### Given data:
text \<open>This is Var(X_N) < Var(X): X is not a function of N.\<close>

lemma standing_EX2_less_EX:
  assumes "standing Ylo Yhi M"
  shows "EN M (\<lambda>n. (XNn M n)\<^sup>2) < EN M (XNn M)"
proof -
  have law: "outcome_law M" using assms by (rule standing_outcome_law)
  obtain m where m: "0 < pN M m" "0 < XNn M m" "XNn M m < 1" using assms by (auto simp: standing_def)
  show ?thesis unfolding EN_def
  proof (rule sum_strict_mono_ex1)
    show "\<forall>n\<in>UNIV. pN M n * (XNn M n)\<^sup>2 \<le> pN M n * XNn M n"
      using XNn_bounds[OF law] by (auto intro!: mult_left_mono simp: pN_def power2_eq_square mult_left_le)
    show "\<exists>n\<in>UNIV. pN M n * (XNn M n)\<^sup>2 < pN M n * XNn M n"
      using m by (intro bexI[of _ m]) (auto simp: power2_eq_square)
  qed simp
qed

subsection \<open>Admissible untreated parts and the MOB bounds\<close>

lemma standing_cell_bounds:
  assumes "standing Ylo Yhi M"
  shows "Ylo * measure M (cellXN x n) \<le> cell_integral M x n Yv \<and> cell_integral M x n Yv \<le> Yhi * measure M (cellXN x n)"
proof (cases "measure M (cellXN x n) = 0")
  case True
  then show ?thesis using cell_integral_null[OF standing_outcome_law[OF assms]] by simp
next
  case False
  then have pos: "0 < measure M (cellXN x n)" by (simp add: zero_less_measure_iff)
  then have "Ylo \<le> cE M (cellXN x n) Yv \<and> cE M (cellXN x n) Yv \<le> Yhi"
    using assms by (simp add: standing_def)
  moreover have "cE M (cellXN x n) Yv = cell_integral M x n Yv / measure M (cellXN x n)"
    by (simp add: cE_def cell_integral_def)
  ultimately show ?thesis
    using pos by (simp add: pos_le_divide_eq pos_divide_le_eq mult.commute)
qed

### Your objective:
Having read the entries above, repeat them exactly.

### Solution:
text \<open>This is Var(X_N) < Var(X): X is not a function of N.\<close>

lemma standing_EX2_less_EX:
  assumes "standing Ylo Yhi M"
  shows "EN M (\<lambda>n. (XNn M n)\<^sup>2) < EN M (XNn M)"
proof -
  have law: "outcome_law M" using assms by (rule standing_outcome_law)
  obtain m where m: "0 < pN M m" "0 < XNn M m" "XNn M m < 1" using assms by (auto simp: standing_def)
  show ?thesis unfolding EN_def
  proof (rule sum_strict_mono_ex1)
    show "\<forall>n\<in>UNIV. pN M n * (XNn M n)\<^sup>2 \<le> pN M n * XNn M n"
      using XNn_bounds[OF law] by (auto intro!: mult_left_mono simp: pN_def power2_eq_square mult_left_le)
    show "\<exists>n\<in>UNIV. pN M n * (XNn M n)\<^sup>2 < pN M n * XNn M n"
      using m by (intro bexI[of _ m]) (auto simp: power2_eq_square)
  qed simp
qed

subsection \<open>Admissible untreated parts and the MOB bounds\<close>

lemma standing_cell_bounds:
  assumes "standing Ylo Yhi M"
  shows "Ylo * measure M (cellXN x n) \<le> cell_integral M x n Yv \<and> cell_integral M x n Yv \<le> Yhi * measure M (cellXN x n)"
proof (cases "measure M (cellXN x n) = 0")
  case True
  then show ?thesis using cell_integral_null[OF standing_outcome_law[OF assms]] by simp
next
  case False
  then have pos: "0 < measure M (cellXN x n)" by (simp add: zero_less_measure_iff)
  then have "Ylo \<le> cE M (cellXN x n) Yv \<and> cE M (cellXN x n) Yv \<le> Yhi"
    using assms by (simp add: standing_def)
  moreover have "cE M (cellXN x n) Yv = cell_integral M x n Yv / measure M (cellXN x n)"
    by (simp add: cE_def cell_integral_def)
  ultimately show ?thesis
    using pos by (simp add: pos_le_divide_eq pos_divide_le_eq mult.commute)
qed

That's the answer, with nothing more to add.